Medical Care

Partly because of the unknown etiology of FMD, no curative therapy exists. Fortunately, FMD is often benign when asymptomatic, and medical treatment is not indicated. Patients presenting with hypertension should be evaluated by a nephrologist and possibly considered for vascular intervention.

When FMD manifests as a transient ischemic attack or as an ischemic stroke, then initial management depends on many factors. If the patient presents in the emergency department with symptoms of stroke within 4.5 hours of onset, then they may be considered for intravenous (IV) tissue plasminogen activator (tPA) treatment (see Acute Stroke Management).
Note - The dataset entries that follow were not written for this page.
lemma Delta_system_card:
  assumes om: "is_omega1 TYPE('w::wellorder)"
    and "uncountable (W::'w set)" and "\<forall>\<xi>\<in>W. finite (S \<xi>) \<and> card (S \<xi>) \<le> n"
  shows "\<exists>W' r. W' \<subseteq> W \<and> uncountable W' \<and> (\<forall>\<xi>\<in>W'. \<forall>\<eta>\<in>W'. \<xi> \<noteq> \<eta> \<longrightarrow> S \<xi> \<inter> S \<eta> = r)"
  using assms(2,3)
proof (induction n arbitrary: W S)
  case 0
  then have "\<forall>\<xi>\<in>W. S \<xi> = {}" using card_0_eq by blast
  then show ?case using "0.prems"(1) by blast
next
  case (Suc n)
  show ?case
  proof (cases "\<exists>p. uncountable {\<xi> \<in> W. p \<in> S \<xi>}")
    case True
    then obtain p where p: "uncountable {\<xi> \<in> W. p \<in> S \<xi>}" by blast
    have "\<forall>\<xi>\<in>{\<xi> \<in> W. p \<in> S \<xi>}. finite (S \<xi> - {p}) \<and> card (S \<xi> - {p}) \<le> n"
      using Suc.prems(2) by auto
    from Suc.IH[of "{\<xi> \<in> W. p \<in> S \<xi>}" "\<lambda>\<xi>. S \<xi> - {p}", OF p this]
    obtain W' r where W': "W' \<subseteq> {\<xi> \<in> W. p \<in> S \<xi>}" "uncountable W'"
      and r: "\<forall>\<xi>\<in>W'. \<forall>\<eta>\<in>W'. \<xi> \<noteq> \<eta> \<longrightarrow> (S \<xi> - {p}) \<inter> (S \<eta> - {p}) = r"
      by blast
    have "S \<xi> \<inter> S \<eta> = insert p r" if "\<xi> \<in> W'" "\<eta> \<in> W'" "\<xi> \<noteq> \<eta>" for \<xi> \<eta>
    proof -
      have "p \<in> S \<xi>" "p \<in> S \<eta>" using W'(1) that by auto
      then have "S \<xi> \<inter> S \<eta> = insert p ((S \<xi> - {p}) \<inter> (S \<eta> - {p}))" by blast
      with r that show ?thesis by simp
    qed
    moreover have "W' \<subseteq> W" using W'(1) by blast
    ultimately show ?thesis using W'(2) by blast
  next
    case False
    then have thin: "\<forall>p. countable {\<xi> \<in> W. p \<in> S \<xi>}" by blast
    have fin: "\<forall>\<xi>\<in>W. finite (S \<xi>)" using Suc.prems(2) by blast
    obtain W' where "W' \<subseteq> W" "uncountable W'" "\<forall>\<xi>\<in>W'. \<forall>\<eta>\<in>W'. \<xi> \<noteq> \<eta> \<longrightarrow> S \<xi> \<inter> S \<eta> = {}"
      using uncountable_disjoint_subfamily[OF om Suc.prems(1) thin fin] by blast
    then show ?thesis by (intro exI[of _ W'] exI[of _ "{}"]) simp
  qed
qed

lemma Delta_system:
  assumes om: "is_omega1 TYPE('w::wellorder)"
    and W: "uncountable (W::'w set)" and fin: "\<And>\<xi>. \<xi> \<in> W \<Longrightarrow> finite (S \<xi>)"
  obtains W' r where "W' \<subseteq> W" "uncountable W'" "finite r"
    "\<And>\<xi> \<eta>. \<xi> \<in> W' \<Longrightarrow> \<eta> \<in> W' \<Longrightarrow> \<xi> \<noteq> \<eta> \<Longrightarrow> S \<xi> \<inter> S \<eta> = r"
proof -
  obtain n where n: "uncountable {\<xi> \<in> W. card (S \<xi>) = n}"
    by (rule uncountable_fiber[of W "\<lambda>\<xi>. card (S \<xi>)", OF W countableI_type])
  have "\<forall>\<xi>\<in>{\<xi> \<in> W. card (S \<xi>) = n}. finite (S \<xi>) \<and> card (S \<xi>) \<le> n"
    using fin by simp
  from Delta_system_card[where S = S and n = n, OF om n this]
  obtain W' r where W': "W' \<subseteq> {\<xi> \<in> W. card (S \<xi>) = n}" "uncountable W'"
    and r: "\<forall>\<xi>\<in>W'. \<forall>\<eta>\<in>W'. \<xi> \<noteq> \<eta> \<longrightarrow> S \<xi> \<inter> S \<eta> = r"
    by (elim exE conjE)
  have "W' \<noteq> {}" using W'(2) by auto
  then obtain \<xi> where \<xi>: "\<xi> \<in> W'" by blast
  have "uncountable (W' - {\<xi>})" by (rule uncountable_minus_countable[OF W'(2)]) simp
  then have "W' - {\<xi>} \<noteq> {}" by (metis countable_empty)
  then obtain \<eta> where \<eta>: "\<eta> \<in> W'" "\<eta> \<noteq> \<xi>" by blast
  have "W' \<subseteq> W" using W'(1) by blast
  have "S \<xi> \<inter> S \<eta> = r" using r \<xi> \<eta> by auto
  moreover have "finite (S \<xi>)" using fin \<open>W' \<subseteq> W\<close> \<xi> by blast
  ultimately have "finite r" by auto
  show ?thesis
    by (rule that[OF \<open>W' \<subseteq> W\<close> W'(2) \<open>finite r\<close>]) (use r in blast)
qed

lemma abs_diff_less_1_if_floor_eq:
  fixes u v :: real
  assumes "\<lfloor>u\<rfloor> = \<lfloor>v\<rfloor>"
  shows "\<bar>u - v\<bar> < 1"
proof -
  have "of_int \<lfloor>u\<rfloor> \<le> u" "u < of_int \<lfloor>u\<rfloor> + 1" "of_int \<lfloor>v\<rfloor> \<le> v" "v < of_int \<lfloor>v\<rfloor> + 1"
    by linarith+
  moreover have "real_of_int \<lfloor>u\<rfloor> = of_int \<lfloor>v\<rfloor>" using assms by simp
  ultimately show ?thesis by linarith
qed

lemma uncountable_subset_close:
  fixes h :: "'a \<Rightarrow> real"
  assumes W: "uncountable W" and e: "0 < e"
  obtains W' where "W' \<subseteq> W" "uncountable W'" "\<And>\<xi> \<eta>. \<xi> \<in> W' \<Longrightarrow> \<eta> \<in> W' \<Longrightarrow> \<bar>h \<xi> - h \<eta>\<bar> < e"
proof -
  obtain k where k: "uncountable {\<xi> \<in> W. \<lfloor>h \<xi> / e\<rfloor> = k}"
    by (rule uncountable_fiber[of W "\<lambda>\<xi>. \<lfloor>h \<xi> / e\<rfloor>", OF W countableI_type])
  have close: "\<bar>h \<xi> - h \<eta>\<bar> < e"
    if "\<xi> \<in> {\<xi> \<in> W. \<lfloor>h \<xi> / e\<rfloor> = k}" "\<eta> \<in> {\<xi> \<in> W. \<lfloor>h \<xi> / e\<rfloor> = k}" for \<xi> \<eta>
  proof -
    have "\<bar>h \<xi> / e - h \<eta> / e\<bar> < 1" using that by (intro abs_diff_less_1_if_floor_eq) simp
    then show ?thesis using e by (simp add: abs_divide flip: diff_divide_distrib)
  qed
  show ?thesis
  proof (rule that)
    show "{\<xi> \<in> W. \<lfloor>h \<xi> / e\<rfloor> = k} \<subseteq> W" by blast
  qed (fact k close)+
qed

lemma uncountable_subset_close_on:
  fixes h :: "'a \<Rightarrow> 'b \<Rightarrow> real"
  assumes r: "finite r" and W: "uncountable W" and e: "0 < e"
  obtains W' where "W' \<subseteq> W" "uncountable W'"
    "\<And>\<xi> \<eta> \<alpha>. \<xi> \<in> W' \<Longrightarrow> \<eta> \<in> W' \<Longrightarrow> \<alpha> \<in> r \<Longrightarrow> \<bar>h \<xi> \<alpha> - h \<eta> \<alpha>\<bar> < e"
proof -
  have "\<exists>W'. W' \<subseteq> W \<and> uncountable W' \<and> (\<forall>\<xi>\<in>W'. \<forall>\<eta>\<in>W'. \<forall>\<alpha>\<in>r. \<bar>h \<xi> \<alpha> - h \<eta> \<alpha>\<bar> < e)"
    using r W
  proof (induction r arbitrary: W rule: finite_induct)
    case empty
    then show ?case by blast
  next
    case (insert \<alpha> r)
    from insert.IH[OF insert.prems] obtain W1 where W1: "W1 \<subseteq> W" "uncountable W1"
      and close: "\<forall>\<xi>\<in>W1. \<forall>\<eta>\<in>W1. \<forall>\<beta>\<in>r. \<bar>h \<xi> \<beta> - h \<eta> \<beta>\<bar> < e"
      by blast
    obtain W2 where W2: "W2 \<subseteq> W1" "uncountable W2"
      and close_\<alpha>: "\<And>\<xi> \<eta>. \<xi> \<in> W2 \<Longrightarrow> \<eta> \<in> W2 \<Longrightarrow> \<bar>h \<xi> \<alpha> - h \<eta> \<alpha>\<bar> < e"
      using uncountable_subset_close[of W1 e "\<lambda>\<xi>. h \<xi> \<alpha>"] W1(2) e by blast
    have "\<forall>\<xi>\<in>W2. \<forall>\<eta>\<in>W2. \<forall>\<beta>\<in>insert \<alpha> r. \<bar>h \<xi> \<beta> - h \<eta> \<beta>\<bar> < e"
      using close close_\<alpha> W2(1) by blast
    moreover have "W2 \<subseteq> W" using W1(1) W2(1) by blast
    ultimately show ?case using W2(2) by blast
  qed
  then obtain W' where "W' \<subseteq> W" "uncountable W'"
    and "\<forall>\<xi>\<in>W'. \<forall>\<eta>\<in>W'. \<forall>\<alpha>\<in>r. \<bar>h \<xi> \<alpha> - h \<eta> \<alpha>\<bar> < e"
    by blast
  then show ?thesis by (intro that) auto
qed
Intra-arterial mechanical embolectomy may be considered to extend the acute treatment window to 24 hours. If TPA treatment is employed, then anticoagulants and antiplatelet agents are generally avoided for at least the ensuing 24 hours.

The diagnosis of FMD should be considered in any young individual presenting with a stroke or subarachnoid hemorrhage. Fortunately, cerebral angiography is the investigation of choice to detect not only FMD but also arterial dissection, vasculitis, and aneurysms, which are other major etiologies of stroke in this population. Thus, cerebral angiography should be performed if another cause for the stroke is not clear. The treatment options are influenced by the findings on angiography.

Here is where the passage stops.